Himematsutake (Agaricus subrufescens, Agaricus blazei)

   Agaricus subrufescens was first described by the American botanist Charles Horton Peck in 1893. Agaricus subrufescens is used in oncological therapy, mainly in Japan and California. It has been commercially cultivated in Asia and South America since 1993. This species is an excellent edible, with a strong almond and faintly sweet taste.  It is common in eastern North America, rare in California, but widespread on the island of Hawai`i in compost piles and well-fertilized mulch.  Agaricus subrufescens  is easily recognized by the pinkish brown, minutely fibrillose pileus, smooth white stipe with a persistent membranous annulus, a faint yellow staining reaction where bruised, a strong almond odor, and the urban habitat.
Description:
   Cap: 7-25 cm; round, sometimes shaped like a marshmallow when young, becoming convex to nearly flat; surface dry, when young covered with fine matted fibrils which break up into tiny scales, except at the center; fibrils pallid, buff, pale brown, or pinkish-brown; scales becoming darker brown or reddish with age; background color white to pinkish-buff; sometimes yellowing with age or when bruised.
   Gills: Free from the stem; close; whitish when young, becoming pinkish, then reddish brown, and eventually dark chocolate brown.

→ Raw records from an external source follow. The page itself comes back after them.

lemma mmult_bilinear_form:
  assumes S: "mbound S C" and T: "mbound T D" and C: "C \<ge> 0" and D: "D \<ge> 0"
    and fin: "finite A" "finite B"
  shows "(\<Sum>v\<in>A. \<Sum>w\<in>B. cnj (\<eta> v) * mmult S T v w * \<xi> w)
       = (\<Sum>\<^sub>\<infinity>u. (\<Sum>v\<in>A. cnj (\<eta> v) * S v u) * (\<Sum>w\<in>B. T u w * \<xi> w))"
proof -
  define h where "h v w u = cnj (\<eta> v) * (S v u * T u w) * \<xi> w" for v w u
  have sm: "(\<lambda>u. h v w u) summable_on UNIV" for v w
    unfolding h_def
    by (intro summable_on_cmult_left summable_on_cmult_right mmult_summable[OF S T C D])
  have inner: "(\<lambda>u. \<Sum>w\<in>B. h v w u) summable_on UNIV"
    "(\<Sum>\<^sub>\<infinity>u. \<Sum>w\<in>B. h v w u) = (\<Sum>w\<in>B. \<Sum>\<^sub>\<infinity>u. h v w u)" for v
    using has_sum_finite_sum[OF fin(2), of "\<lambda>w u. h v w u" UNIV] sm
    by (auto simp: summable_on_def infsumI)
  have "(\<Sum>v\<in>A. \<Sum>w\<in>B. cnj (\<eta> v) * mmult S T v w * \<xi> w) = (\<Sum>v\<in>A. \<Sum>w\<in>B. \<Sum>\<^sub>\<infinity>u. h v w u)"
    unfolding mmult_def h_def by (simp add: infsum_cmult_left' infsum_cmult_right')
  also have "\<dots> = (\<Sum>v\<in>A. \<Sum>\<^sub>\<infinity>u. \<Sum>w\<in>B. h v w u)"
    using inner(2) by simp
  also have "\<dots> = (\<Sum>\<^sub>\<infinity>u. \<Sum>v\<in>A. \<Sum>w\<in>B. h v w u)"
    using has_sum_finite_sum[OF fin(1), of "\<lambda>v u. \<Sum>w\<in>B. h v w u" UNIV] inner(1)
    by (simp add: infsumI)
  finally show ?thesis
    unfolding h_def by (simp add: sum_distrib_left sum_distrib_right mult_ac)
qed

lemma mbound_mult:
  assumes S: "mbound S C" and T: "mbound T D" and C: "C \<ge> 0" and D: "D \<ge> 0"
  shows "mbound (mmult S T) (C * D)"
  unfolding mbound_def
proof (intro allI impI)
  fix A B :: "(nat\<times>nat) set" and \<eta> \<xi> :: "nat\<times>nat \<Rightarrow> complex"
  assume fin: "finite A" "finite B"
  define a where "a = sqrt (\<Sum>v\<in>A. (cmod (\<eta> v))\<^sup>2)"
  define b where "b = sqrt (\<Sum>w\<in>B. (cmod (\<xi> w))\<^sup>2)"
  have a0: "a \<ge> 0" and b0: "b \<ge> 0" unfolding a_def b_def by (auto intro: sum_nonneg)
  define \<alpha> where "\<alpha> u = (\<Sum>v\<in>A. cnj (\<eta> v) * S v u)" for u
  define \<beta> where "\<beta> u = (\<Sum>w\<in>B. T u w * \<xi> w)" for u
  have \<alpha>_adj: "cmod (\<alpha> u) = cmod (\<Sum>v\<in>A. madj S u v * \<eta> v)" for u
  proof -
    have "\<alpha> u = cnj (\<Sum>v\<in>A. madj S u v * \<eta> v)" unfolding \<alpha>_def madj_def by (simp add: mult.commute)
    then show ?thesis by (simp only: complex_mod_cnj)
  qed
  have \<alpha>: "(\<Sum>u\<in>F. (cmod (\<alpha> u))\<^sup>2) \<le> (C * a)\<^sup>2" if "finite F" for F
  proof -
    have "(\<Sum>u\<in>F. (cmod (\<alpha> u))\<^sup>2) \<le> C\<^sup>2 * a\<^sup>2"
      unfolding \<alpha>_adj using mbound_image_l2[OF mbound_adj[OF S] C that fin(1)] a0
      unfolding a_def by (simp add: sum_nonneg)
    then show ?thesis by (simp add: power_mult_distrib)
  qed
  have \<beta>: "(\<Sum>u\<in>F. (cmod (\<beta> u))\<^sup>2) \<le> (D * b)\<^sup>2" if "finite F" for F
    using mbound_image_l2[OF T D that fin(2), of \<xi>] b0
    unfolding \<beta>_def b_def by (simp add: power_mult_distrib sum_nonneg)
  have eq: "(\<Sum>v\<in>A. \<Sum>w\<in>B. cnj (\<eta> v) * mmult S T v w * \<xi> w) = (\<Sum>\<^sub>\<infinity>u. \<alpha> u * \<beta> u)"
    unfolding \<alpha>_def \<beta>_def by (rule mmult_bilinear_form[OF S T C D fin])
  have "cmod (\<Sum>\<^sub>\<infinity>u. \<alpha> u * \<beta> u) \<le> (C * a) * (D * b)"
    by (rule abs_summable_product_l2(2)) (use \<alpha> \<beta> C D a0 b0 in auto)
  then show "cmod (\<Sum>v\<in>A. \<Sum>w\<in>B. cnj (\<eta> v) * mmult S T v w * \<xi> w)
      \<le> C * D * sqrt (\<Sum>v\<in>A. (cmod (\<eta> v))\<^sup>2) * sqrt (\<Sum>w\<in>B. (cmod (\<xi> w))\<^sup>2)"
    unfolding eq a_def b_def by (simp add: mult_ac)
qed

lemma bop_add:
  assumes S: "S \<in> bop s" and T: "T \<in> bop s" shows "madd S T \<in> bop s"
proof -
  obtain C D where "mbound S C" "mbound T D" using S T bop_obtain_mbound by metis
  then show ?thesis using S T
    by (intro bopI[OF mbound_add]) (simp_all add: madd_def bop_row_outside bop_column_outside)
qed

lemma bop_scale: "T \<in> bop s \<Longrightarrow> mscale c T \<in> bop s"
proof -
  assume T: "T \<in> bop s"
  then obtain C where "C \<ge> 0" "mbound T C" using bop_obtain_mbound by blast
  then show ?thesis using T
    by (intro bopI[OF mbound_scale]) (simp_all add: mscale_def bop_row_outside bop_column_outside)
qed

lemma bop_adj: "T \<in> bop s \<Longrightarrow> madj T \<in> bop s"
proof -
  assume T: "T \<in> bop s"
  then obtain C where "C \<ge> 0" "mbound T C" using bop_obtain_mbound by blast
  then show ?thesis using T
    by (intro bopI[OF mbound_adj]) (simp_all add: madj_def bop_row_outside bop_column_outside)
qed

lemma mdiff_eq_madd_mscale: "mdiff S T = madd S (mscale (-1) T)"
  by (simp add: mdiff_def madd_def mscale_def)

lemma bop_diff: "S \<in> bop s \<Longrightarrow> T \<in> bop s \<Longrightarrow> mdiff S T \<in> bop s"
  unfolding mdiff_eq_madd_mscale by (intro bop_add bop_scale)

lemma bop_mult:
  assumes S: "S \<in> bop s" and T: "T \<in> bop s" shows "mmult S T \<in> bop s"
proof -
  obtain C D where CD: "C \<ge> 0" "D \<ge> 0" "mbound S C" "mbound T D"
    using S T bop_obtain_mbound by metis
  show ?thesis
    by (rule bopI[OF mbound_mult[OF CD(3,4,1,2)]])
      (simp_all add: mmult_def bop_row_outside[OF S] bop_column_outside[OF T])
qed

lemma opnorm_zero: "opnorm mzero = 0"
  using opnorm_le[OF mbound_zero] opnorm_nonneg[OF mbound_zero] by simp

lemma opnorm_add_le: "S \<in> bop s \<Longrightarrow> T \<in> bop s \<Longrightarrow> opnorm (madd S T) \<le> opnorm S + opnorm T"
  by (meson add_nonneg_nonneg mbound_add opnorm_le mbound_opnorm opnorm_nonneg_bop)

lemma opnorm_scale_le: "T \<in> bop s \<Longrightarrow> opnorm (mscale c T) \<le> cmod c * opnorm T"
  by (meson mbound_scale mult_nonneg_nonneg norm_ge_zero opnorm_le mbound_opnorm opnorm_nonneg_bop)

lemma opnorm_adj_le: "T \<in> bop s \<Longrightarrow> opnorm (madj T) \<le> opnorm T"
  by (meson mbound_adj opnorm_le mbound_opnorm opnorm_nonneg_bop)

   Stem: 5-15 cm long; 1-4 cm thick; equal or enlarged at base; with a thick membranous partial veil which has cottony patches on the underside and which forms a high, skirt-like ring; white to pinkish above the ring; smooth or with fibrils or scales below; base often staining yellow with age or when bruised (but the flesh inside does not stain bright yellow when cut); base often with mycelial threads attached.

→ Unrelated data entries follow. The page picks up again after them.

text \<open>The (d-1)-generators used by c = coh(B, A, f) are those used by the
  cells f p. Positions p of dimension below d - 1 contribute none; a top-dimensional
  position q carries a d-cell without d-generators, so by induction on cells it contributes
  exactly what its source and target faces contribute. Following top-dimensional positions
  backwards (resp. forwards) connects every (d-1)-position of B to the source (resp. target)
  (d-1)-boundary of B, so every contribution already occurs on that boundary, and since A is
  a full sphere the boundary contributions are precisely what src c (resp. tgt c) uses.\<close>

lemma ispos_not_Nil: "ispos B p \<Longrightarrow> p \<noteq> []"
  by (induction rule: ispos.induct) auto

lemma ispos_length_le: "ispos B p \<Longrightarrow> length p \<le> Suc (tree_dim B)"
proof (induction rule: ispos.induct)
  case (posS i ts p)
  then have "tree_dim (ts ! i) \<le> Max (tree_dim ` set ts)" "ts \<noteq> []"
    by auto
  with posS.IH show ?case
    by (simp del: Max_ge_iff)
qed simp

lemma ispos_psrc_ptgt:
  assumes "ispos B q" and "length q \<ge> 2"
  shows "ispos B (psrc q) \<and> ispos B (ptgt q)
         \<and> length (psrc q) = length q - 1 \<and> length (ptgt q) = length q - 1"
  using assms
proof (induction rule: ispos.induct)
  case (posS i ts p)
  show ?case
  proof (cases "length p = 1")
    case False
    with posS.hyps(2) have "length p \<ge> 2"
      by (cases p) (auto dest: ispos_not_Nil simp: Suc_le_eq)
    with posS False show ?thesis
      by (auto intro: ispos.intros)
  qed (use posS.hyps in \<open>auto intro: ispos.intros\<close>)
qed simp

lemma inbd_imp_ispos: "inbd s n B p \<Longrightarrow> ispos B p"
  by (induction rule: inbd.induct) (auto intro: ispos.intros)

definition pface :: "bool \<Rightarrow> nat list \<Rightarrow> nat list" where
  "pface s = (if s then psrc else ptgt)"

text \<open>How far the last coordinate of a position is from the source (s = True) resp. target
  end of its branch.\<close>

fun bd_dist :: "bool \<Rightarrow> tree \<Rightarrow> nat list \<Rightarrow> nat" where
  "bd_dist s (Br ts) [] = 0"
| "bd_dist s (Br ts) [i] = (if s then i else length ts - i)"
| "bd_dist s (Br ts) (i # j # p) = bd_dist s (ts ! i) (j # p)"

lemma pface_Cons: "length q \<ge> 2 \<Longrightarrow> pface s (i # q) = i # pface s q"
  by (cases q) (auto simp: pface_def)

lemma pface_not_Nil: "length q \<ge> 2 \<Longrightarrow> pface s q \<noteq> []"
  by (cases q) (auto simp: pface_def)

The Prince (Agaricus augustus)

   The Prince fruits during the warm months of the year mainly in parks and gardens, most common along the coast after periods of foggy weather. It makes execellent eating. The yellow-brown scaly cap, sweet odor, blackish, free gills make it a distinctive species. Found in America, Europe, Australia.
Description:
   The cap is 6-32 cm broad, convex expanding to plane; surface dry with yellow-brown to brown scales, bruising yellow in age, staining yellow slowly with KOH; Flesh thick, odor sweet, anise or almond-like. Gills are close, free, pale at first, then blackish-brown at maturity. The stipe is 10-37 cm long, up to 6 cm thick, equal to enlarged at base, frequently buried; smooth above ring, scaly below; veil with cottony patches, later becoming membranous, forming a skirt-like annulus. Spores are 7.5-10.5 x 5-6.5 μm, elliptical and smooth. Spore print chocolate-brown.